I wondered too MIchelle - I expect there is a sad story and a learning curve behind it...
I thought Eggy was a boy - until I knew *he* had died then I actually felt *he* was a *she*...
Deb,
I have tears welling now too! Your new OB does sound lovely to have worded things so personally and know how imprtant finding out the sex really is after a loss
We had chromosome analysis done for our second angel to discover she was a "genetically normal" little girl also. I remember crying a whole new set of tears after finding this out. It seemed to make the whole "loss" far more real and personal knowing that I was never going to know our little daughter. I think my DH may have thought it was a bad idea to discover the gender and stir up more emotions but I will be forever grateful that I know a little more about her despite never meeting or holding her.
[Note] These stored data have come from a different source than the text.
lemma nn_integral_hats_le:
  assumes "0 \<le> K1" "0 \<le> K2" "0 < a" "a \<le> g"
  shows "(\<integral>\<^sup>+t. indicator {0..<g} t * ennreal (hats a g K1 K2 t) \<partial>lborel) \<le> ennreal (a / 2 * (K1 + K2))"
proof -
  have "(\<integral>\<^sup>+t. indicator {0..<g} t * ennreal (hats a g K1 K2 t) \<partial>lborel)
      \<le> (\<integral>\<^sup>+t. ennreal (K1 + (- K1 / a) * t) * indicator {0..a} t
            + ennreal (K2 * (1 - g / a) + (K2 / a) * t) * indicator {g - a..g} t \<partial>lborel)"
  proof (intro nn_integral_mono)
    fix t
    have "K1 * max 0 (1 - t / a) = (if t \<le> a then K1 + (- K1 / a) * t else 0)"
      "K2 * max 0 (1 - (g - t) / a) = (if g - a \<le> t then K2 * (1 - g / a) + (K2 / a) * t else 0)"
      using assms by (auto simp: max_def field_simps)
    then show "indicator {0..<g} t * ennreal (hats a g K1 K2 t)
        \<le> ennreal (K1 + (- K1 / a) * t) * indicator {0..a} t
            + ennreal (K2 * (1 - g / a) + (K2 / a) * t) * indicator {g - a..g} t"
      using assms mult_nonneg_nonneg[of K1 "max 0 (1 - t / a)"]
        mult_nonneg_nonneg[of K2 "max 0 (1 - (g - t) / a)"]
      by (auto simp: hats_def indicator_def ennreal_plus[symmetric] simp del: ennreal_plus)
  qed
  also have "\<dots> = (\<integral>\<^sup>+t. ennreal (K1 + (- K1 / a) * t) * indicator {0..a} t \<partial>lborel)
              + (\<integral>\<^sup>+t. ennreal (K2 * (1 - g / a) + (K2 / a) * t) * indicator {g - a..g} t \<partial>lborel)"
    by (rule nn_integral_add) auto
  also have "(\<integral>\<^sup>+t. ennreal (K1 + (- K1 / a) * t) * indicator {0..a} t \<partial>lborel) = ennreal (a / 2 * K1)"
  proof -
    have "0 \<le> K1 + - K1 / a * t" if "t \<in> {0..a}" for t
      using mult_left_mono[of t a K1] that assms by (simp add: field_simps)
    then have "(\<integral>\<^sup>+t. ennreal (K1 + (- K1 / a) * t) * indicator {0..a} t \<partial>lborel)
        = ennreal (K1 * (a - 0) + (- K1 / a) * ((a\<^sup>2 - 0\<^sup>2) / 2))"
      using assms by (intro nn_integral_affine) auto
    then show ?thesis using assms by (simp add: power2_eq_square field_simps)
  qed
  also have "(\<integral>\<^sup>+t. ennreal (K2 * (1 - g / a) + (K2 / a) * t) * indicator {g - a..g} t \<partial>lborel)
      = ennreal (a / 2 * K2)"
  proof -
    have "K2 * (1 - g / a) + K2 / a * t = K2 * (a - g + t) / a" for t
      using assms by (simp add: field_simps)
    then have "0 \<le> K2 * (1 - g / a) + K2 / a * t" if "t \<in> {g - a..g}" for t
      using that assms by simp
    then have "(\<integral>\<^sup>+t. ennreal (K2 * (1 - g / a) + (K2 / a) * t) * indicator {g - a..g} t \<partial>lborel)
        = ennreal (K2 * (1 - g / a) * (g - (g - a)) + (K2 / a) * ((g\<^sup>2 - (g - a)\<^sup>2) / 2))"
      using assms by (intro nn_integral_affine) auto
    then show ?thesis using assms by (simp add: power2_eq_square field_simps)
  qed
  also have "ennreal (a / 2 * K1) + ennreal (a / 2 * K2) = ennreal (a / 2 * (K1 + K2))"
    using assms by (simp add: ennreal_plus[symmetric] distrib_left del: ennreal_plus)
  finally show ?thesis .
qed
It is great news for you that there are no genetic issues and I hope that, with all the accumulated information your angels have provided, a special little baby WILL enter your life next year, as planned.
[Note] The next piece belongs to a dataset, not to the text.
(* For every $\gamma\in[0,1]$, the Equal Filling Till Threshold (EFTT) algorithm with threshold $\gamma$ (described in the context) is $(1-e^{-\gamma})$-CEF, i.e., on every instance the fractional matching $X$ it outputs satisfies $V_i(X)\ge (1-e^{-\gamma})\,V_i^*(y_j(X))$ for all classes $i,j$.
   Context: Online class matching (divisible setting): an instance is a bipartite graph $G=(N,M,E)$ with known agents $N$, items $M$, $E\subseteq M\times N$ ($a$ likes $o$ iff $(o,a)\in E$); agents are partitioned into $k$ known classes $N_1,\dots,N_k$. Items arrive one at a time in adversarial order; upon arrival of $o$ its set of liking agents is revealed and fractions of $o$ must be irrevocably assigned to agents liking it. A fractional matching is $X=(x_{o,a})\in[0,1]^{M\times N}$ supported on $E$ with $\sum_a x_{o,a}\le1$ for each item and $\sum_o x_{o,a}\le 1$ for each agent; the degree of an agent is $\sum_o x_{o,a}$; saturated means degree $1$. $V_i(X)=\sum_{a\in N_i}\sum_o x_{o,a}$. For class $j$, $y_j(X)\in[0,1]^M$ has $y_j(X)_o=\sum_{a\in N_j}x_{o,a}$. For $y\in[0,1]^M$, $V_i^*(y)$ is the maximum size of a fractional matching using edges of $E$ between $N_i$ and $M$ with degree at most $y_o$ at each item $o$ and at most $1$ at each agent. EFTT with threshold $\gamma$: the matching is increased continuously (water-filling). Upon arrival of item $o$: Phase I: let $Z_\gamma$ be the set of classes containing at least one agent that likes $o$ and has current degree less than $\gamma$. While $Z_\gamma\neq\emptyset$ and $o$ is not fully assigned, continuously assign mass of $o$, splitting it equally among the classes in $Z_\gamma$; within each class $i\in Z_\gamma$, the mass goes to the agent(s) of class $i$ liking $o$ with minimum current degree; a class is removed from $Z_\gamma$ once it no longer has an agent liking $o$ with degree less than $\gamma$. Phase II: once $Z_\gamma=\emptyset$, continuously assign the remaining mass of $o$ to the unsaturated agent(s) liking $o$ with smallest current degree, regardless of class, until $o$ is fully assigned or all agents liking $o$ are saturated. *)

theory Defs
  imports Complex_Main
begin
Deb - I truely understand what you meant about "empowering". I also felt that I had to birth Luke as it was all there was left for me to do apart from love him in my heart.
Your OB sounds wonderful. I wish everyone was as fortunate to have someone like that.
As for your darling daughter. Well, you know how I feel (at least I hope you do) and so I will just give you a big hug (can you feel it) and know that I have cried for you and for her.
Deb, your new OB has a beautiful way with words! What a lovely way for her to tell you that you had a daughter. I have come across many a doctor who could take a lesson from her...
I hope this will help you find a little closure. I'll be thinking of you and little Eggy and wishing you many brighter days ahead. Here's to a fabulous 2007 for you and your beautiful family...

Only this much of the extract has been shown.